Task brief: All of the data needs to come back exactly as written.

*** Records for this task ***

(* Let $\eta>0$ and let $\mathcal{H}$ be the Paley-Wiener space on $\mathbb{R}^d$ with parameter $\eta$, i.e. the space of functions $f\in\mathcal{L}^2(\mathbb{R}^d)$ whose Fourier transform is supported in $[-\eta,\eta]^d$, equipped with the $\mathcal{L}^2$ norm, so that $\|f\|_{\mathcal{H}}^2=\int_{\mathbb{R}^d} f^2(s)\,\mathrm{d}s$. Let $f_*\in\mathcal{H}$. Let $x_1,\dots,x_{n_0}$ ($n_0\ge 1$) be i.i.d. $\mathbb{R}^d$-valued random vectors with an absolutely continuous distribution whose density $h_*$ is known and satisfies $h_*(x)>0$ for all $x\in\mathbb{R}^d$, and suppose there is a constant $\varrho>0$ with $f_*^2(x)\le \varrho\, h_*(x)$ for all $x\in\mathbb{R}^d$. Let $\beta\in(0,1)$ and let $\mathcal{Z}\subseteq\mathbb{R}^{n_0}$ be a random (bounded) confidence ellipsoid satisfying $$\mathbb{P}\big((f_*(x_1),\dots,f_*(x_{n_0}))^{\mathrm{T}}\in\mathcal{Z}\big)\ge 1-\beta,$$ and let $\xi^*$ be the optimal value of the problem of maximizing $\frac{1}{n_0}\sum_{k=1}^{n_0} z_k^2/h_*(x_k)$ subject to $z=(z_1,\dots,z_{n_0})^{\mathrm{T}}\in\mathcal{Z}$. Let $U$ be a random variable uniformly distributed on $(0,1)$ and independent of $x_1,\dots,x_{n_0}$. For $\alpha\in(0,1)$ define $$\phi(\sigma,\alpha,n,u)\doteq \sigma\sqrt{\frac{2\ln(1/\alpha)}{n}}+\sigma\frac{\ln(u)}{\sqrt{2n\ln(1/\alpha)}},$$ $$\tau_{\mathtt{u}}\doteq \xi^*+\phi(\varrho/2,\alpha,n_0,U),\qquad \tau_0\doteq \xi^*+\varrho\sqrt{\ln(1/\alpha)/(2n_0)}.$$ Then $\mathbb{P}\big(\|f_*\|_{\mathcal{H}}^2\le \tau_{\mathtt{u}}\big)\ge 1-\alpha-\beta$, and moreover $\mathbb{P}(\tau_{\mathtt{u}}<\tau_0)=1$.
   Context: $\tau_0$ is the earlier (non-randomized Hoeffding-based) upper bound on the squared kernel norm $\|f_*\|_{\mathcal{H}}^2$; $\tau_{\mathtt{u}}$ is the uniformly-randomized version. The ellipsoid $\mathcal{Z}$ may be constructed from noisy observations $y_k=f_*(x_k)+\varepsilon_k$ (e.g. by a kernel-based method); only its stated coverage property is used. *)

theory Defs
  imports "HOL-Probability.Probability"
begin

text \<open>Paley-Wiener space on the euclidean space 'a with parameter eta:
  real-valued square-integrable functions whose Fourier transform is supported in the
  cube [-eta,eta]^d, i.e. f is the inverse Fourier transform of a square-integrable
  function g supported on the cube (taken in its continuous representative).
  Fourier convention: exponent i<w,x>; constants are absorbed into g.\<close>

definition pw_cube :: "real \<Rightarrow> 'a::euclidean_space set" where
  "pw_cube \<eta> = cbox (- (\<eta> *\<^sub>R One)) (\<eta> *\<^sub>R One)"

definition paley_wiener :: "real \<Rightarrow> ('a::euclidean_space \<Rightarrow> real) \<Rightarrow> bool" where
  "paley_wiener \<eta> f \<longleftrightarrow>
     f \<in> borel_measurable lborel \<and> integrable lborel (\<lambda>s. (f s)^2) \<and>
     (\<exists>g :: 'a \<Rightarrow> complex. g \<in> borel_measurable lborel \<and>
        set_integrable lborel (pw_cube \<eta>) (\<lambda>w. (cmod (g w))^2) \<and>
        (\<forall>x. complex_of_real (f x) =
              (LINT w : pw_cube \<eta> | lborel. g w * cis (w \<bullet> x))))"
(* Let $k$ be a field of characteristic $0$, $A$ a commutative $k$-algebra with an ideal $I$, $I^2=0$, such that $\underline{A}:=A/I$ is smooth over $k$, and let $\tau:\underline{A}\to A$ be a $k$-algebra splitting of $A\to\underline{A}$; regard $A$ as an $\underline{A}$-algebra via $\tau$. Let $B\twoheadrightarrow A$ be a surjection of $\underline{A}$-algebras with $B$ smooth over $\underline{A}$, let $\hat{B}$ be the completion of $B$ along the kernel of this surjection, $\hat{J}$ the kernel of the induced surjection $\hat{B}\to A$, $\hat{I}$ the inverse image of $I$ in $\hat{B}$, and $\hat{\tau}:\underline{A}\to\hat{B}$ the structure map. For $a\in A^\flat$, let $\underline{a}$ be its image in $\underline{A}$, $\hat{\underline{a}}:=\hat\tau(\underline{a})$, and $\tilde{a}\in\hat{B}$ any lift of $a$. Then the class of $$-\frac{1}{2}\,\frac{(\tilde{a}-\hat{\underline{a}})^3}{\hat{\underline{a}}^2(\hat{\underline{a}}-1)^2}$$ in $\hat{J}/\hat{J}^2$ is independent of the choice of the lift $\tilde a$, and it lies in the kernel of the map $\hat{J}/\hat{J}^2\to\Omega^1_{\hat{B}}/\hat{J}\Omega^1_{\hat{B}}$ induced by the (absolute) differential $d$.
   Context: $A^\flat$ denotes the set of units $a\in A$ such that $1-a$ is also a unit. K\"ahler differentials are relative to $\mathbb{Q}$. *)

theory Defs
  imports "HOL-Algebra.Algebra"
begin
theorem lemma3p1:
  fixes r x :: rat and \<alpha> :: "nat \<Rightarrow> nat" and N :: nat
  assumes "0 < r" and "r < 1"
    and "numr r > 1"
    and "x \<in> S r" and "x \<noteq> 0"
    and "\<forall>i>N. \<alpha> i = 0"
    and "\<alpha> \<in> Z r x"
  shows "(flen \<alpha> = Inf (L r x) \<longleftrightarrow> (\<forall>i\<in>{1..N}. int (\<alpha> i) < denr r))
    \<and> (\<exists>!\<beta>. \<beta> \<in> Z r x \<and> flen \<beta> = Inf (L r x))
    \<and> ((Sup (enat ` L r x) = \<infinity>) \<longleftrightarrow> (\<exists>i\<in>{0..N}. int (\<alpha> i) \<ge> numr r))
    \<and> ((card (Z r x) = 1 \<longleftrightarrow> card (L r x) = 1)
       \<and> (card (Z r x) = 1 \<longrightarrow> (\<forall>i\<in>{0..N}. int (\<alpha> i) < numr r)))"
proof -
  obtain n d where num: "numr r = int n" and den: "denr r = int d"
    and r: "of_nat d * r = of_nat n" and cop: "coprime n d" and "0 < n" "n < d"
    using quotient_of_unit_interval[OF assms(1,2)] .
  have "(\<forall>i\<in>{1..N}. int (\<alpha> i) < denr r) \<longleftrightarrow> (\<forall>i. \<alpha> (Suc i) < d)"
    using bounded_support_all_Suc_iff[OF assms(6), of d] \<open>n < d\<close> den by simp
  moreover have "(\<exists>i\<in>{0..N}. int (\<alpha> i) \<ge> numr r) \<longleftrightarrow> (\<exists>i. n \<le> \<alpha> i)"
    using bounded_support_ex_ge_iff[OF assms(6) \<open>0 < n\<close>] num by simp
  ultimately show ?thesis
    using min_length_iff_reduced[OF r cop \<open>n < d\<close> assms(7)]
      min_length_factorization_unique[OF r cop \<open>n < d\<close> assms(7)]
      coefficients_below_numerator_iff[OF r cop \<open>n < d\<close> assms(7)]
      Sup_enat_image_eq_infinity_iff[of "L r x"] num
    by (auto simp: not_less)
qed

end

*** End of Records for this task ***

Exercise result:
(* Let $\eta>0$ and let $\mathcal{H}$ be the Paley-Wiener space on $\mathbb{R}^d$ with parameter $\eta$, i.e. the space of functions $f\in\mathcal{L}^2(\mathbb{R}^d)$ whose Fourier transform is supported in $[-\eta,\eta]^d$, equipped with the $\mathcal{L}^2$ norm, so that $\|f\|_{\mathcal{H}}^2=\int_{\mathbb{R}^d} f^2(s)\,\mathrm{d}s$. Let $f_*\in\mathcal{H}$. Let $x_1,\dots,x_{n_0}$ ($n_0\ge 1$) be i.i.d. $\mathbb{R}^d$-valued random vectors with an absolutely continuous distribution whose density $h_*$ is known and satisfies $h_*(x)>0$ for all $x\in\mathbb{R}^d$, and suppose there is a constant $\varrho>0$ with $f_*^2(x)\le \varrho\, h_*(x)$ for all $x\in\mathbb{R}^d$. Let $\beta\in(0,1)$ and let $\mathcal{Z}\subseteq\mathbb{R}^{n_0}$ be a random (bounded) confidence ellipsoid satisfying $$\mathbb{P}\big((f_*(x_1),\dots,f_*(x_{n_0}))^{\mathrm{T}}\in\mathcal{Z}\big)\ge 1-\beta,$$ and let $\xi^*$ be the optimal value of the problem of maximizing $\frac{1}{n_0}\sum_{k=1}^{n_0} z_k^2/h_*(x_k)$ subject to $z=(z_1,\dots,z_{n_0})^{\mathrm{T}}\in\mathcal{Z}$. Let $U$ be a random variable uniformly distributed on $(0,1)$ and independent of $x_1,\dots,x_{n_0}$. For $\alpha\in(0,1)$ define $$\phi(\sigma,\alpha,n,u)\doteq \sigma\sqrt{\frac{2\ln(1/\alpha)}{n}}+\sigma\frac{\ln(u)}{\sqrt{2n\ln(1/\alpha)}},$$ $$\tau_{\mathtt{u}}\doteq \xi^*+\phi(\varrho/2,\alpha,n_0,U),\qquad \tau_0\doteq \xi^*+\varrho\sqrt{\ln(1/\alpha)/(2n_0)}.$$ Then $\mathbb{P}\big(\|f_*\|_{\mathcal{H}}^2\le \tau_{\mathtt{u}}\big)\ge 1-\alpha-\beta$, and moreover $\mathbb{P}(\tau_{\mathtt{u}}<\tau_0)=1$.
   Context: $\tau_0$ is the earlier (non-randomized Hoeffding-based) upper bound on the squared kernel norm $\|f_*\|_{\mathcal{H}}^2$; $\tau_{\mathtt{u}}$ is the uniformly-randomized version. The ellipsoid $\mathcal{Z}$ may be constructed from noisy observations $y_k=f_*(x_k)+\varepsilon_k$ (e.g. by a kernel-based method); only its stated coverage property is used. *)

theory Defs
  imports "HOL-Probability.Probability"
begin

text \<open>Paley-Wiener space on the euclidean space 'a with parameter eta:
  real-valued square-integrable functions whose Fourier transform is supported in the
  cube [-eta,eta]^d, i.e. f is the inverse Fourier transform of a square-integrable
  function g supported on the cube (taken in its continuous representative).
  Fourier convention: exponent i<w,x>; constants are absorbed into g.\<close>

definition pw_cube :: "real \<Rightarrow> 'a::euclidean_space set" where
  "pw_cube \<eta> = cbox (- (\<eta> *\<^sub>R One)) (\<eta> *\<^sub>R One)"

definition paley_wiener :: "real \<Rightarrow> ('a::euclidean_space \<Rightarrow> real) \<Rightarrow> bool" where
  "paley_wiener \<eta> f \<longleftrightarrow>
     f \<in> borel_measurable lborel \<and> integrable lborel (\<lambda>s. (f s)^2) \<and>
     (\<exists>g :: 'a \<Rightarrow> complex. g \<in> borel_measurable lborel \<and>
        set_integrable lborel (pw_cube \<eta>) (\<lambda>w. (cmod (g w))^2) \<and>
        (\<forall>x. complex_of_real (f x) =
              (LINT w : pw_cube \<eta> | lborel. g w * cis (w \<bullet> x))))"
(* Let $k$ be a field of characteristic $0$, $A$ a commutative $k$-algebra with an ideal $I$, $I^2=0$, such that $\underline{A}:=A/I$ is smooth over $k$, and let $\tau:\underline{A}\to A$ be a $k$-algebra splitting of $A\to\underline{A}$; regard $A$ as an $\underline{A}$-algebra via $\tau$. Let $B\twoheadrightarrow A$ be a surjection of $\underline{A}$-algebras with $B$ smooth over $\underline{A}$, let $\hat{B}$ be the completion of $B$ along the kernel of this surjection, $\hat{J}$ the kernel of the induced surjection $\hat{B}\to A$, $\hat{I}$ the inverse image of $I$ in $\hat{B}$, and $\hat{\tau}:\underline{A}\to\hat{B}$ the structure map. For $a\in A^\flat$, let $\underline{a}$ be its image in $\underline{A}$, $\hat{\underline{a}}:=\hat\tau(\underline{a})$, and $\tilde{a}\in\hat{B}$ any lift of $a$. Then the class of $$-\frac{1}{2}\,\frac{(\tilde{a}-\hat{\underline{a}})^3}{\hat{\underline{a}}^2(\hat{\underline{a}}-1)^2}$$ in $\hat{J}/\hat{J}^2$ is independent of the choice of the lift $\tilde a$, and it lies in the kernel of the map $\hat{J}/\hat{J}^2\to\Omega^1_{\hat{B}}/\hat{J}\Omega^1_{\hat{B}}$ induced by the (absolute) differential $d$.
   Context: $A^\flat$ denotes the set of units $a\in A$ such that $1-a$ is also a unit. K\"ahler differentials are relative to $\mathbb{Q}$. *)

theory Defs
  imports "HOL-Algebra.Algebra"
begin
theorem lemma3p1:
  fixes r x :: rat and \<alpha> :: "nat \<Rightarrow> nat" and N :: nat
  assumes "0 < r" and "r < 1"
    and "numr r > 1"
    and "x \<in> S r" and "x \<noteq> 0"
    and "\<forall>i>N. \<alpha> i = 0"
    and "\<alpha> \<in> Z r x"
  shows "(flen \<alpha> = Inf (L r x) \<longleftrightarrow> (\<forall>i\<in>{1..N}. int (\<alpha> i) < denr r))
    \<and> (\<exists>!\<beta>. \<beta> \<in> Z r x \<and> flen \<beta> = Inf (L r x))
    \<and> ((Sup (enat ` L r x) = \<infinity>) \<longleftrightarrow> (\<exists>i\<in>{0..N}. int (\<alpha> i) \<ge> numr r))
    \<and> ((card (Z r x) = 1 \<longleftrightarrow> card (L r x) = 1)
       \<and> (card (Z r x) = 1 \<longrightarrow> (\<forall>i\<in>{0..N}. int (\<alpha> i) < numr r)))"
proof -
  obtain n d where num: "numr r = int n" and den: "denr r = int d"
    and r: "of_nat d * r = of_nat n" and cop: "coprime n d" and "0 < n" "n < d"
    using quotient_of_unit_interval[OF assms(1,2)] .
  have "(\<forall>i\<in>{1..N}. int (\<alpha> i) < denr r) \<longleftrightarrow> (\<forall>i. \<alpha> (Suc i) < d)"
    using bounded_support_all_Suc_iff[OF assms(6), of d] \<open>n < d\<close> den by simp
  moreover have "(\<exists>i\<in>{0..N}. int (\<alpha> i) \<ge> numr r) \<longleftrightarrow> (\<exists>i. n \<le> \<alpha> i)"
    using bounded_support_ex_ge_iff[OF assms(6) \<open>0 < n\<close>] num by simp
  ultimately show ?thesis
    using min_length_iff_reduced[OF r cop \<open>n < d\<close> assms(7)]
      min_length_factorization_unique[OF r cop \<open>n < d\<close> assms(7)]
      coefficients_below_numerator_iff[OF r cop \<open>n < d\<close> assms(7)]
      Sup_enat_image_eq_infinity_iff[of "L r x"] num
    by (auto simp: not_less)
qed

end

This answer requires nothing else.